The High Court's Lack of Tech Knowlege is Troubling

Remember that sexting story I shared with you Monday? Well, our nation’s highest court heard those arguments Tuesday. What we learned from their performance on the bench is that a significant number of them have a very rudimentary understanding–if any at all–of technology.

If this is the case, we should be quite concerned that this court just doesn’t have the knowleddge to accurately rule on what is likely to become an ever-increasingly tech-heavy caseload as high-tech works even further into the fabric of our lives.

Here’s just some of the surprisingly basic questions asked by justices, according to DC Dicta:

Chief Justice John Roberts, who has written out his opinions with pen and paper: “What is the difference between e-mail and a pager?”

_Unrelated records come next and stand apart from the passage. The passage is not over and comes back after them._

subsection \<open>A four-point obstruction\<close>

lemma not_cond_strict_neg_def_four_points:
  assumes "a \<in> V" "b \<in> V" "u \<in> V" "w \<in> V"
    and "distinct [a, b, u, w]"
    and sym: "\<And>x y. K x y = K y x" and zero: "\<And>x. x \<in> V \<Longrightarrow> K x x = 0"
    and "K a b + K b u + K u w + K w a \<le> K a u + K b w"
  shows "\<not> cond_strict_neg_def V K"
proof
  assume neg: "cond_strict_neg_def V K"
  define l :: "'a \<Rightarrow> complex" where
    "l = (\<lambda>v. if v = a \<or> v = u then 1 else if v = b \<or> v = w then -1 else 0)"
  have supp: "{v. l v \<noteq> 0} = {a, b, u, w}"
    unfolding l_def by auto
  let ?form = "Re (\<Sum>x\<in>{v. l v \<noteq> 0}. \<Sum>y\<in>{v. l v \<noteq> 0}. l x * cnj (l y) * complex_of_real (K x y))"
  have "finite {v. l v \<noteq> 0} \<and> {v. l v \<noteq> 0} \<subseteq> V \<and> (\<exists>v. l v \<noteq> 0) \<and>
        (\<Sum>v\<in>{v. l v \<noteq> 0}. l v) = 0"
    using assms(1-5) unfolding supp by (auto simp: l_def)
  with neg have "?form < 0"
    unfolding cond_strict_neg_def_def by blast
  moreover have "?form = 2 * (K a u + K b w) - 2 * (K a b + K b u + K u w + K w a)"
    using assms(1-5) zero sym[of b a] sym[of u a] sym[of w a] sym[of u b] sym[of w b] sym[of w u]
    unfolding supp by (auto simp: l_def)
  ultimately show False
    using assms(8) by simp
qed

theorem mainTheorem7:
  fixes V :: "'a set" and E :: "'a \<Rightarrow> 'a \<Rightarrow> bool"
  assumes "simple_graph V E"
    and "connected_graph V E"
    and "has_cycle V E"
    and "even (girth V E)"
  shows "\<not> cond_strict_neg_def V (\<lambda>x y. real (path_dist V E x y))"
proof -
  obtain c where c: "is_cycle V E c" "length c = girth V E"
    using shortest_cycle_exists[OF assms(3)] by blast
  then have shortest: "\<And>c'. is_cycle V E c' \<Longrightarrow> length c \<le> length c'"
    using girth_le_cycle by metis
  obtain n where len: "length c = 2 * n"
    using assms(4) c(2) by auto
  have n: "2 \<le> n" "distinct c" "set c \<subseteq> V"
    using c(1) len by (auto simp: is_cycle_def)
  let ?d = "path_dist V E"
  have "n \<le> ?d (c ! 0) (c ! n)"
    by (rule shortest_cycle_antipodal_dist[OF assms(1) c(1) shortest len])
  moreover have "n \<le> ?d (c ! 1) (c ! Suc n)"
    using shortest_cycle_antipodal_dist[OF assms(1) is_cycle_rotate1[OF c(1)]] shortest len n(1)
    by (simp add: nth_rotate1)
  moreover have "?d (c ! 0) (c ! 1) \<le> 1" "?d (c ! 1) (c ! n) \<le> n - 1"
    "?d (c ! n) (c ! Suc n) \<le> 1" "?d (c ! Suc n) (c ! 0) \<le> n - 1"
    using path_dist_along_cycle[OF c(1), of 0 1] path_dist_along_cycle[OF c(1), of 1 n]
      path_dist_along_cycle[OF c(1), of n "Suc n"] path_dist_along_cycle[OF c(1), of "Suc n" "2 * n"]
      len n(1) by simp_all
  moreover have "distinct [c ! 0, c ! 1, c ! n, c ! Suc n]"
    using n len by (auto simp: nth_eq_iff_index_eq)
  ultimately show ?thesis
    using n len
    by (intro not_cond_strict_neg_def_four_points)
       (auto intro: nth_mem simp: path_dist_self path_dist_sym[OF assms(1), of x y for x y])
qed

end
subsection \<open>Maps with equal \<open>\<ell>\<^sub>1\<close>- and \<open>\<ell>\<^sub>2\<close>-norms\<close>

lemma fibre_preserving_injection:
  fixes p :: "'a::finite \<Rightarrow> 'c" and q :: "'b::finite \<Rightarrow> 'c"
  assumes "\<And>a. p a \<in> Y"
    and "\<And>y. y \<in> Y \<Longrightarrow> card (p -` {y}) = card (q -` {y})"
  obtains \<sigma> where "inj \<sigma>" and "\<And>a. q (\<sigma> a) = p a" and "\<And>b. q b \<in> Y \<Longrightarrow> b \<in> range \<sigma>"
proof -
  have "\<forall>y. \<exists>h. y \<in> Y \<longrightarrow> bij_betw h (p -` {y}) (q -` {y})"
    using assms(2) finite_same_card_bij[OF finite finite] by metis
  then obtain h where h: "\<And>y. y \<in> Y \<Longrightarrow> bij_betw (h y) (p -` {y}) (q -` {y})"
    by metis
  define \<sigma> where "\<sigma> a = h (p a) a" for a
  have fibre: "q (\<sigma> a) = p a" for a
    using bij_betw_apply[OF h[OF assms(1)], of a] by (simp add: \<sigma>_def)
  have "inj \<sigma>"
  proof (rule injI)
    fix a b
    assume "\<sigma> a = \<sigma> b"
    moreover from this have "p a = p b"
      by (metis fibre)
    ultimately show "a = b"
      using bij_betw_imp_inj_on[OF h[OF assms(1)], of a] by (simp add: \<sigma>_def inj_on_def)
  qed
  moreover have "b \<in> range \<sigma>" if qb: "q b \<in> Y" for b
  proof -
    obtain a where "p a = q b" and "b = h (q b) a"
      using bij_betw_imp_surj_on[OF h[OF qb]] by (metis imageE vimage_singleton_eq)
    then show ?thesis
      by (metis \<sigma>_def rangeI)
  qed
  ultimately show ?thesis
    using that fibre by blast
qed

locale norm_matched_pair =
  fixes f1 :: "('n::finite \<Rightarrow> int) \<Rightarrow> ('m1::finite \<Rightarrow> int)"
    and f2 :: "('n \<Rightarrow> int) \<Rightarrow> ('m2::finite \<Rightarrow> int)"
  assumes additive1: "additive f1"
    and additive2: "additive f2"
    and norm1_eq: "norm1 (f1 x) = norm1 (f2 x)"
    and sqnorm_eq: "sqnorm (f1 x) = sqnorm (f2 x)"
    and entries1: "f1 (bvec j) e \<in> {0, 1}"
    and row_nonzero1: "\<exists>j. f1 (bvec j) e \<noteq> 0"
begin

definition supp1 :: "'m1 \<Rightarrow> 'n set" where
  "supp1 e = {j. f1 (bvec j) e \<noteq> 0}"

Justice Anthony Kennedy, failing to understand the basic concept of a text message: “[If messages are sent simultaneously], does it say: ‘Your call is important to us, and we will get back to you?'”

Justice Antonin Scalia, asking about those sexts: “Could Quon print these spicy little conversations and send them to his buddies?”

If our highest court cannot grasp the most basic concepts of technology, I highly question how they could provide fair judgments on any matter involving tech. This makes me very nervous.

We cannot completely blame the Court for its failings. Most of the justices are over the age of 70. However, at the same time, you need to stay current when you’re in a position to make decisions that affect the entire country.

President Obama is going to have to select a new justice very soon. Let’s hope the one he picks at least knows what e-mail is.